Records contained in a dataset
(* Fix integers $\nu\ge 2$, $p\ge1$, $H\ge1$, $\sigma>0$, $T>0$, and consider either the asymmetric or the symmetric CP-decomposition model below, trained by gradient flow from an i.i.d. $\mathcal N(0,\sigma^2)$ initialization. Suppose that the target tensor entries $F_{i_1,\ldots,i_\nu}$ can be written as a polynomial (with numerical coefficients) in $H$, $p$, the indices $i_1,\ldots,i_\nu$, and Kronecker deltas $\delta_{i_a=i_b}$ for $a,b\in\{1,\ldots,\nu\}$. Then, for every integer $s\ge 0$, the quantity $T^s\,\mathbb E\big[\tfrac{d^s L}{dt^s}(0)\big]$ is a polynomial in $H$, $p$ and $\sigma^2$.
   Context: Model: for $i_1,\ldots,i_\nu\in\{1,\ldots,p\}$, $f_{i_1,\ldots,i_\nu}=\sum_{k=1}^H\prod_{m=1}^\nu u^{(m)}_{k,i_m}$, with learnable parameters $\mathbf u=(u^{(m)}_{k,i})\in\mathbb R^{H\times p\times\nu}$. In the asymmetric scenario (ASYM) no constraint is imposed; in the symmetric scenario (SYM) the target $F$ is a symmetric tensor and $u^{(1)}_{k,i}=\cdots=u^{(\nu)}_{k,i}=:u_{k,i}$, the free parameters being $u_{k,i}$. Loss: $L(\mathbf u)=\frac12\sum_{i_1,\ldots,i_\nu=1}^p(f_{i_1,\ldots,i_\nu}-F_{i_1,\ldots,i_\nu})^2$. Gradient flow: $\frac{d\mathbf u}{dt}=-\frac1T\partial_{\mathbf u}L(\mathbf u)$, so $\frac{d^sL}{dt^s}(0)$ is a polynomial in the initial weights. Initialization: all free weights at $t=0$ are i.i.d. $\mathcal N(0,\sigma^2)$; the expectation is over this initialization. *)

theory Defs
  imports "HOL-Probability.Probability" "HOL-Library.Poly_Mapping"
begin

definition mono_eval :: "('v \<Rightarrow> real) \<Rightarrow> ('v \<Rightarrow>\<^sub>0 nat) \<Rightarrow> real" where
  "mono_eval val m = (\<Prod>v\<in>Poly_Mapping.keys m. val v ^ Poly_Mapping.lookup m v)"

definition poly_eval :: "('v \<Rightarrow> real) \<Rightarrow> (('v \<Rightarrow>\<^sub>0 nat) \<Rightarrow>\<^sub>0 real) \<Rightarrow> real" where
  "poly_eval val P = (\<Sum>m\<in>Poly_Mapping.keys P. Poly_Mapping.lookup P m * mono_eval val m)"

datatype fvar = VarH | Varp | Vari nat | Vdelta nat nat

definition fvar_ok :: "nat \<Rightarrow> fvar \<Rightarrow> bool" where
  "fvar_ok \<nu> v = (case v of Vari m \<Rightarrow> m \<in> {1..\<nu>}
                     | Vdelta a b \<Rightarrow> a \<in> {1..\<nu>} \<and> b \<in> {1..\<nu>}
                     | _ \<Rightarrow> True)"

definition target_val :: "nat \<Rightarrow> nat \<Rightarrow> (nat \<Rightarrow> nat) \<Rightarrow> fvar \<Rightarrow> real" where
  "target_val H p idx v = (case v of VarH \<Rightarrow> real H | Varp \<Rightarrow> real p
                          | Vari m \<Rightarrow> real (idx m)
                          | Vdelta a b \<Rightarrow> (if idx a = idx b then 1 else 0))"

datatype pvar = PH | Pp | Psigma2

definition pvar_val :: "nat \<Rightarrow> nat \<Rightarrow> real \<Rightarrow> pvar \<Rightarrow> real" where
  "pvar_val H p \<sigma> v = (case v of PH \<Rightarrow> real H | Pp \<Rightarrow> real p | Psigma2 \<Rightarrow> \<sigma>\<^sup>2)"

datatype scenario = ASYM | SYM

definition tuples :: "nat \<Rightarrow> nat \<Rightarrow> (nat \<Rightarrow> nat) set" where
  "tuples \<nu> p = PiE {1..\<nu>} (\<lambda>_. {1..p})"

(* free parameters: u^{(m)}_{k,i} indexed by (k,i,m); in SYM only m = 1 is used *)
definition params :: "scenario \<Rightarrow> nat \<Rightarrow> nat \<Rightarrow> nat \<Rightarrow> (nat \<times> nat \<times> nat) set" where
  "params sc H p \<nu> = {1..H} \<times> {1..p} \<times> (case sc of ASYM \<Rightarrow> {1..\<nu>} | SYM \<Rightarrow> {1})"

definition weight :: "scenario \<Rightarrow> (nat \<times> nat \<times> nat \<Rightarrow> real) \<Rightarrow> nat \<Rightarrow> nat \<Rightarrow> nat \<Rightarrow> real" where
  "weight sc w k i m = w (k, i, case sc of ASYM \<Rightarrow> m | SYM \<Rightarrow> 1)"

definition model :: "scenario \<Rightarrow> nat \<Rightarrow> nat \<Rightarrow> (nat \<times> nat \<times> nat \<Rightarrow> real) \<Rightarrow> (nat \<Rightarrow> nat) \<Rightarrow> real" where
  "model sc H \<nu> w idx = (\<Sum>k=1..H. \<Prod>m=1..\<nu>. weight sc w k (idx m) m)"

definition target :: "((fvar \<Rightarrow>\<^sub>0 nat) \<Rightarrow>\<^sub>0 real) \<Rightarrow> nat \<Rightarrow> nat \<Rightarrow> (nat \<Rightarrow> nat) \<Rightarrow> real" where
  "target Q H p idx = poly_eval (target_val H p idx) Q"

definition loss :: "scenario \<Rightarrow> nat \<Rightarrow> nat \<Rightarrow> nat \<Rightarrow> ((fvar \<Rightarrow>\<^sub>0 nat) \<Rightarrow>\<^sub>0 real)
                    \<Rightarrow> (nat \<times> nat \<times> nat \<Rightarrow> real) \<Rightarrow> real" where
  "loss sc H p \<nu> Q w = 1/2 * (\<Sum>idx\<in>tuples \<nu> p. (model sc H \<nu> w idx - target Q H p idx)\<^sup>2)"

definition sym_tensor :: "nat \<Rightarrow> nat \<Rightarrow> ((nat \<Rightarrow> nat) \<Rightarrow> real) \<Rightarrow> bool" where
  "sym_tensor \<nu> p F = (\<forall>idx\<in>tuples \<nu> p. \<forall>\<pi>. \<pi> permutes {1..\<nu>} \<longrightarrow> F (idx \<circ> \<pi>) = F idx)"

definition partial :: "(('j \<Rightarrow> real) \<Rightarrow> real) \<Rightarrow> ('j \<Rightarrow> real) \<Rightarrow> 'j \<Rightarrow> real" where
  "partial f w j = deriv (\<lambda>x. f (w(j := x))) (w j)"

definition gradient_flow :: "scenario \<Rightarrow> nat \<Rightarrow> nat \<Rightarrow> nat \<Rightarrow> ((fvar \<Rightarrow>\<^sub>0 nat) \<Rightarrow>\<^sub>0 real) \<Rightarrow> real
     \<Rightarrow> ((nat \<times> nat \<times> nat \<Rightarrow> real) \<Rightarrow> real \<Rightarrow> (nat \<times> nat \<times> nat \<Rightarrow> real)) \<Rightarrow> bool" where
  "gradient_flow sc H p \<nu> Q T \<phi> =
     (\<forall>w. \<phi> w 0 = w \<and>
        (\<exists>\<epsilon>>0. \<forall>t\<in>{-\<epsilon><..<\<epsilon>}. \<forall>j\<in>params sc H p \<nu>.
           ((\<lambda>\<tau>. \<phi> w \<tau> j) has_real_derivative
              (- (1 / T) * partial (loss sc H p \<nu> Q) (\<phi> w t) j)) (at t)))"

definition init_measure :: "scenario \<Rightarrow> nat \<Rightarrow> nat \<Rightarrow> nat \<Rightarrow> real \<Rightarrow> (nat \<times> nat \<times> nat \<Rightarrow> real) measure" where
  "init_measure sc H p \<nu> \<sigma> = PiM (params sc H p \<nu>) (\<lambda>_. density lborel (normal_density 0 \<sigma>))"

end

(*
  Along the gradient flow, T^s d^s L/dt^s = E_s(u(t)) for a "weight polynomial" E_s: a polynomial
  in the weights u^(m)_(k,i) whose coefficients are polynomials in H, p, the values of the indices
  and Kronecker deltas between them, with sums over bound indices k in {1..H} and i in {1..p}.
  The loss is of this form, and the class is closed under products and partial derivatives,
  hence under the pairing -sum_j (dE/du_j)(dL/du_j) that the chain rule produces.

  Under the Gaussian initialization, Isserlis' recursion E[u_j M] = sigma^2 sum_r delta_r E[M_r]
  turns the expectation of a weight polynomial into an "index polynomial" in H, p, sigma^2, index
  values and deltas.  Summing an index polynomial over a bound index gives again one: a monomial
  either contains a delta tying the summed index to another index, which collapses the sum, or
  depends on it only through a power x^n, and sum_(x=1..N) x^n is a polynomial in N.  Once every
  index is summed out, what remains is a polynomial in H, p and sigma^2.
*)

theory Submission
  imports Defs
begin

lemma poly_eval_superset:
  assumes "finite S" "Poly_Mapping.keys P \<subseteq> S"
  shows "poly_eval val P = (\<Sum>m\<in>S. Poly_Mapping.lookup P m * mono_eval val m)"
  unfolding poly_eval_def
  by (rule sum.mono_neutral_left) (use assms in \<open>auto simp: in_keys_iff\<close>)

lemma mono_eval_superset:
  assumes "finite S" "Poly_Mapping.keys m \<subseteq> S"
  shows "mono_eval val m = (\<Prod>v\<in>S. val v ^ Poly_Mapping.lookup m v)"
  unfolding mono_eval_def
  by (rule prod.mono_neutral_left) (use assms in \<open>auto simp: in_keys_iff\<close>)

lemma mono_eval_add: "mono_eval val (m + n) = mono_eval val m * mono_eval val n"
proof -
  let ?S = "Poly_Mapping.keys m \<union> Poly_Mapping.keys n"
  have "mono_eval val (m + n) = (\<Prod>v\<in>?S. val v ^ Poly_Mapping.lookup (m + n) v)"
    by (rule mono_eval_superset) (auto dest: keys_add[THEN subsetD])
  also have "\<dots> = (\<Prod>v\<in>?S. val v ^ Poly_Mapping.lookup m v) * (\<Prod>v\<in>?S. val v ^ Poly_Mapping.lookup n v)"
    by (simp add: lookup_add power_add prod.distrib)
  also have "\<dots> = mono_eval val m * mono_eval val n"
    by (subst (1 2) mono_eval_superset[of ?S]) auto
  finally show ?thesis .
qed

lemma poly_eval_add: "poly_eval val (P + Q) = poly_eval val P + poly_eval val Q"
proof -
  let ?S = "Poly_Mapping.keys P \<union> Poly_Mapping.keys Q"
  have "poly_eval val (P + Q) = (\<Sum>m\<in>?S. Poly_Mapping.lookup (P + Q) m * mono_eval val m)"
    by (rule poly_eval_superset) (auto dest: keys_add[THEN subsetD])
  also have "\<dots> = (\<Sum>m\<in>?S. Poly_Mapping.lookup P m * mono_eval val m) + (\<Sum>m\<in>?S. Poly_Mapping.lookup Q m * mono_eval val m)"
    by (simp add: lookup_add distrib_right sum.distrib)
  also have "\<dots> = poly_eval val P + poly_eval val Q"
    by (subst (1 2) poly_eval_superset[of ?S]) auto
  finally show ?thesis .
qed

lemma poly_eval_sum: "poly_eval val (\<Sum>i\<in>A. P i) = (\<Sum>i\<in>A. poly_eval val (P i))"
  by (induction A rule: infinite_finite_induct) (simp_all add: poly_eval_add poly_eval_def[of val 0])

lemma poly_eval_single: "poly_eval val (Poly_Mapping.single m c) = c * mono_eval val m"
  by (simp add: poly_eval_def)

lemma poly_mapping_sum_single:
  "P = (\<Sum>m\<in>Poly_Mapping.keys P. Poly_Mapping.single m (Poly_Mapping.lookup P m))"
  by (rule poly_mapping_eqI) (simp add: lookup_sum lookup_single when_def in_keys_iff)

lemma poly_eval_mult: "poly_eval val (P * Q) = poly_eval val P * poly_eval val Q"
proof -
  let ?a = "Poly_Mapping.lookup P" and ?b = "Poly_Mapping.lookup Q"
  have "P * Q = (\<Sum>m\<in>Poly_Mapping.keys P. \<Sum>n\<in>Poly_Mapping.keys Q. Poly_Mapping.single (m + n) (?a m * ?b n))"
    by (subst (1 2) poly_mapping_sum_single) (simp add: sum_product mult_single)
  then have "poly_eval val (P * Q) = (\<Sum>m\<in>Poly_Mapping.keys P. \<Sum>n\<in>Poly_Mapping.keys Q.
      ?a m * mono_eval val m * (?b n * mono_eval val n))"
    by (simp add: poly_eval_sum poly_eval_single mono_eval_add ac_simps)
  then show ?thesis
    by (simp add: poly_eval_def sum_product)
qed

▶ **Try it**:
Locate the word "also" in the data above. Copy every line carrying it.

▶ **Response to the exercise**:
  also have "\<dots> = (\<Prod>v\<in>?S. val v ^ Poly_Mapping.lookup m v) * (\<Prod>v\<in>?S. val v ^ Poly_Mapping.lookup n v)"
  also have "\<dots> = mono_eval val m * mono_eval val n"
  also have "\<dots> = (\<Sum>m\<in>?S. Poly_Mapping.lookup P m * mono_eval val m) + (\<Sum>m\<in>?S. Poly_Mapping.lookup Q m * mono_eval val m)"
  also have "\<dots> = poly_eval val P + poly_eval val Q"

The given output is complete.